- [ACTIVITY]:
Search the records for the word "beta" and report each line that has it.
*** Begin section ***
lemma chi_square_p1_le:
  fixes \<rho> \<rho>' \<gamma> \<gamma>' :: real and \<alpha> \<beta> :: "nat \<Rightarrow> real" and c :: "nat \<Rightarrow> nat \<Rightarrow> real"
  defines "S \<equiv> \<lambda>i j. \<Sum>(a, b)\<in>UNIV. (p1_dyad \<rho>' \<gamma>' \<alpha> \<beta> i j a b)\<^sup>2 / p1_dyad \<rho> \<gamma> \<alpha> \<beta> i j a b"
  assumes "\<And>i j. S i j - 1 \<le> c i j"
  shows "chi_square (adj_set n) (p1_pmf n \<rho> \<gamma> \<alpha> \<beta>) (p1_pmf n \<rho>' \<gamma>' \<alpha> \<beta>)
      \<le> exp (\<Sum>(i, j)\<in>dyads n. c i j) - 1"
proof -
  have S_ge_1: "1 \<le> S i j" for i j
  proof -
    let ?p = "\<lambda>(a, b). p1_dyad \<rho> \<gamma> \<alpha> \<beta> i j a b" and ?q = "\<lambda>(a, b). p1_dyad \<rho>' \<gamma>' \<alpha> \<beta> i j a b"
    have "chi_square UNIV ?p ?q = S i j - 1"
      unfolding S_def
      by (subst chi_square_eq_sum_ratio) (auto simp: p1_dyad_pos sum_p1_dyad intro!: sum.cong)
    moreover have "0 \<le> chi_square UNIV ?p ?q"
      by (rule chi_square_nonneg) (simp add: p1_dyad_pos less_imp_le split_def)
    ultimately show ?thesis by simp
  qed
  have "chi_square (adj_set n) (p1_pmf n \<rho> \<gamma> \<alpha> \<beta>) (p1_pmf n \<rho>' \<gamma>' \<alpha> \<beta>)
      = (\<Prod>(i, j)\<in>dyads n. 1 + (S i j - 1)) - 1"
    unfolding S_def
    by (simp, rule chi_square_dyad_product) (simp_all add: p1_pmf_def p1_dyad_pos sum_p1_dyad)
  also have "\<dots> \<le> exp (\<Sum>(i, j)\<in>dyads n. S i j - 1) - 1"
    using prod_le_exp_sum[of "dyads n" "\<lambda>(i, j). S i j - 1"] S_ge_1 by (simp add: split_def)
  also have "\<dots> \<le> exp (\<Sum>(i, j)\<in>dyads n. c i j) - 1"
    using assms by (simp add: sum_mono split_def)
  finally show ?thesis .
qed
lemma poly_reverse_mult:
  fixes A B :: "'a::idom poly"
  assumes "degree A \<le> a" and "degree B \<le> b"
  shows "poly_reverse (a + b) (A * B) = poly_reverse a A * poly_reverse b B"
proof (cases "A = 0 \<or> B = 0")
  case True
  then show ?thesis by (auto simp: poly_reverse_def)
next
  case False
  then have deg: "degree (A * B) = degree A + degree B"
    by (simp add: degree_mult_eq)
  then have "a + b - degree (A * B) = (a - degree A) + (b - degree B)"
    using assms by simp
  then show ?thesis
    using assms deg
    by (simp add: poly_reverse_eq_monom_mult_reflect_poly reflect_poly_mult mult_monom ac_simps)
qed

lemma poly_reverse_prod:
  fixes F :: "nat \<Rightarrow> 'a::idom poly"
  assumes "\<And>k. k < d \<Longrightarrow> degree (F k) \<le> N"
  shows "poly_reverse (N * d) (\<Prod>k<d. F k) = (\<Prod>k<d. poly_reverse N (F k))"
  using assms
proof (induction d)
  case 0
  show ?case by (rule poly_eqI) (simp add: coeff_poly_reverse)
next
  case (Suc d)
  have "degree (\<Prod>k<d. F k) \<le> N * d"
    using Suc.prems degree_prod_sum_le[of "{..<d}" F] sum_bounded_above[of "{..<d}" "degree \<circ> F" N]
    by (simp add: mult.commute)
  then have "poly_reverse (N * d + N) ((\<Prod>k<d. F k) * F d)
      = poly_reverse (N * d) (\<Prod>k<d. F k) * poly_reverse N (F d)"
    using Suc.prems by (intro poly_reverse_mult) auto
  then show ?case
    using Suc by (simp add: add.commute)
qed

lemma poly_reverse_power:
  fixes A :: "'a::idom poly"
  assumes "degree A \<le> a"
  shows "poly_reverse (a * n) (A ^ n) = poly_reverse a A ^ n"
  using poly_reverse_prod[of n "\<lambda>_. A" a] assms by simp

lemma poly_poly_reverse_inverse:
  fixes B :: "'a::field poly"
  assumes x: "x \<noteq> 0" and "degree B \<le> N"
  shows "poly (poly_reverse N B) (inverse x) = inverse x ^ N * poly B x"
proof -
  have "inverse x ^ (N - i) = inverse x ^ N * x ^ i" if "i \<le> degree B" for i
  proof -
    have "inverse x ^ N * x ^ i = inverse x ^ (N - i) * (inverse x * x) ^ i"
      using that assms(2) by (simp add: power_mult_distrib flip: power_add)
    then show ?thesis using x by simp
  qed
  then have "poly (iota N B) (inverse x) = inverse x ^ N * (\<Sum>i\<le>degree B. coeff B i * x ^ i)"
    by (simp add: iota_def poly_sum poly_monom sum_distrib_left ac_simps)
  then show ?thesis
    by (simp add: poly_altdef iota_eq_poly_reverse[OF assms(2), symmetric])
qed
lemma window_rate_approx:
  assumes \<epsilon>: "\<epsilon> > 0"
  obtains u v T where "0 < u" "u \<le> 1 / 3" "1 / 2 \<le> v" "v < 1" "T \<ge> 2"
    "reference_free_energy - \<epsilon> \<le> mean_log_Z_window u v T / real T"
proof -
  define L where "L = reference_free_energy"
  define c0 where "c0 = ln (pmf Kp 2 * density_weight H (1/2) (1/2) 1 2) + h"
  have "L - \<epsilon> / 2 < Sup ((\<lambda>N. mean_log_Z_window 0 1 N / real N) ` {2..})"
    using \<epsilon> by (simp add: L_def reference_free_energy_def)
  then obtain M where M: "M \<ge> 2" and "L - \<epsilon> / 2 < mean_log_Z_window 0 1 M / real M"
    by (subst (asm) less_cSup_iff[OF _ bdd_above_reference]) auto
  then have rate_M: "real M * (L - \<epsilon> / 2) < mean_log_Z_window 0 1 M" by (simp add: field_simps)
  obtain k where k: "\<bar>2 * (L - \<epsilon>) - c0\<bar> < real k * (real M * \<epsilon> / 2)"
    using reals_Archimedean3[of "real M * \<epsilon> / 2"] M \<epsilon> by auto
  define M' where "M' = Suc k * M"
  have M': "M' \<ge> 2" using M by (simp add: M'_def)
  have "real M' * (L - \<epsilon> / 2) = real (Suc k) * (real M * (L - \<epsilon> / 2))"
    by (simp add: M'_def algebra_simps)
  also have "\<dots> \<le> real (Suc k) * mean_log_Z_window 0 1 M"
    using rate_M by (intro mult_left_mono) auto
  also have "\<dots> \<le> mean_log_Z_window 0 1 M'"
    unfolding M'_def using reference_superadditive M by (rule superadditive_mult) simp_all
  finally have rate_M': "real M' * (L - \<epsilon> / 2) \<le> mean_log_Z_window 0 1 M'" .
  define T where "T = M' + 2"
  have "real T * (L - \<epsilon>) \<le> real M' * (L - \<epsilon> / 2) + c0"
  proof -
    have "2 * (L - \<epsilon>) - c0 < real k * (real M * \<epsilon> / 2)" using k abs_ge_self[of "2 * (L - \<epsilon>) - c0"] by linarith
    also have "\<dots> \<le> real M' * \<epsilon> / 2" using \<epsilon> by (simp add: M'_def field_simps)
    finally show ?thesis by (simp add: T_def algebra_simps)
  qed
  also have "\<dots> \<le> mean_log_Z_window (1 / real T) (real (M' + 1) / real T) T"
    using rate_M' window_append_jump[OF M'] by (simp add: T_def c0_def)
  finally have "L - \<epsilon> \<le> mean_log_Z_window (1 / real T) (real (M' + 1) / real T) T / real T"
    by (simp add: T_def field_simps)
  moreover have "1 / real T \<le> 1 / 3" "1 / 2 \<le> real (M' + 1) / real T" "real (M' + 1) / real T < 1"
    using M' by (simp_all add: T_def field_simps)
  ultimately show ?thesis using that[of "1 / real T" "real (M' + 1) / real T" T] M' by (simp add: T_def L_def)
qed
*** End section ***
- [TASK ANSWER]:
  fixes \<rho> \<rho>' \<gamma> \<gamma>' :: real and \<alpha> \<beta> :: "nat \<Rightarrow> real" and c :: "nat \<Rightarrow> nat \<Rightarrow> real"
  defines "S \<equiv> \<lambda>i j. \<Sum>(a, b)\<in>UNIV. (p1_dyad \<rho>' \<gamma>' \<alpha> \<beta> i j a b)\<^sup>2 / p1_dyad \<rho> \<gamma> \<alpha> \<beta> i j a b"
  shows "chi_square (adj_set n) (p1_pmf n \<rho> \<gamma> \<alpha> \<beta>) (p1_pmf n \<rho>' \<gamma>' \<alpha> \<beta>)
    let ?p = "\<lambda>(a, b). p1_dyad \<rho> \<gamma> \<alpha> \<beta> i j a b" and ?q = "\<lambda>(a, b). p1_dyad \<rho>' \<gamma>' \<alpha> \<beta> i j a b"
  have "chi_square (adj_set n) (p1_pmf n \<rho> \<gamma> \<alpha> \<beta>) (p1_pmf n \<rho>' \<gamma>' \<alpha> \<beta>)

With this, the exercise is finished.